Tuesday, August 11, 2015

Selling Dungeness by the pound


Kent Online reports:
For sale: a spacious seaside property. 
The Dungeness Estate - which has been described as the UK's only desert - is up for sale and yours for £1.5 million. 
Owen Leyshon, of the estate’s managers Romney Marsh Country Partnership, said: “This is the sale of an incredibly unique landscape and a very popular tourist destination. 
“We are expecting a massive scrum of people making offers.” 
The 468 acres of private land has been owned by the Paine family trust since 1964. 
But now it is in the open market in a unique sale is being handled by Strutt and Parker estate agents. 
The sale does not cover the Dungeness nuclear power site, the two lighthouses, the Pilot pub, Romney, Hythe and Dymchurch Railway station. or the neighbouring RSPB reserve.
I was at Dungeness a couple weeks ago, when I took these photographs.

Let me also quote Malcolm Saville's description of Dungeness at its most run down after the war.
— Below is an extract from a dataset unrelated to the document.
(* Let $n\ge 2$ and let $c:E_n\to\mathbb{C}$ be an admissible edge weighting of $Q_n$. Let $x_1,x_2,y_1,y_2$ be vertices of $Q_n$ inducing a $4$-cycle with edges $e=\{x_1,y_1\}$, $f=\{y_1,x_2\}$, $g=\{x_2,y_2\}$, $h=\{y_2,x_1\}$. (1) If $c(e)\ne0$ and $c(f)\ne0$, then also $c(g)\neq 0$ and $c(h)\ne0$, and $\frac{c(e)}{c(f)} = -\overline{\left(\frac{c(g)}{c(h)}\right)}$. (2) In that case, $|c(e)|=|c(g)|$ and $|c(f)|=|c(h)|$. (3) The subgraph $Q_n(c)\subset Q_n$ is a disjoint union of sub-hypercubes.
   Context: For $n\ge1$, identify integers $0\le i<2^n$ with their $n$-digit binary representations; $i\#k$ is $i$ with its $k$-th digit flipped. The hypercube $Q_n$ has vertex classes $U_n$ (even number of $1$'s) and $V_n$ (odd number of $1$'s), with edge set $E_n$ consisting of pairs $ij$, $i\in U_n$, $j\in V_n$, $j = i\#k$ for some $k<n$; $\mathcal{N}(x)$ is the set of neighbors of $x$. For $c:E_n\to\mathbb{C}$, $Q_n(c)=(U_n(c),V_n(c),E_n(c))$ is the subgraph consisting of the edges $ij$ with $c(ij)\ne0$ and their endpoints. $c$ is admissible if $\sum_{i\in\mathcal{N}(j_1)\cap\mathcal{N}(j_2)} c(ij_1)\overline{c(ij_2)} = \delta_{j_1j_2}$ for all $j_1,j_2\in V_n(c)$ and $\sum_{j\in\mathcal{N}(i_1)\cap\mathcal{N}(i_2)} c(i_1j)\overline{c(i_2j)} = \delta_{i_1i_2}$ for all $i_1,i_2\in U_n(c)$. A sub-hypercube of $Q_n$ is, for a set $K\subseteq\{0,\dots,n-1\}$ and a vertex $a$, the subgraph induced by all vertices agreeing with $a$ in every binary digit outside $K$. *)

theory Defs
  imports Complex_Main
begin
It is taken from The Elusive Grasshopper (1951):
Some days later Jon tried to describe Dungeness to his mother and found it very difficult, although it was little more than a desert of shingle which had been made even uglier by slovenly and haphazard building of bungalows, shacks and old railway coaches. 
There were a few fishermen's sheds of tarred timber on the sea side of the road, besides the group of well-built cottages round the lighthouse and the square, white building which housed the great foghorn. 
Many of the little bungalows had been badly damaged by bombs and the blank eyes of their broken windows gave them a look of unheeded death. There is, perhaps, nothing more depressing than an untenanted house, but one that is empty, damaged and neglected as well is a horrid sight and even on this sunny afternoon Jon felt that this outpost was both curious and uncanny.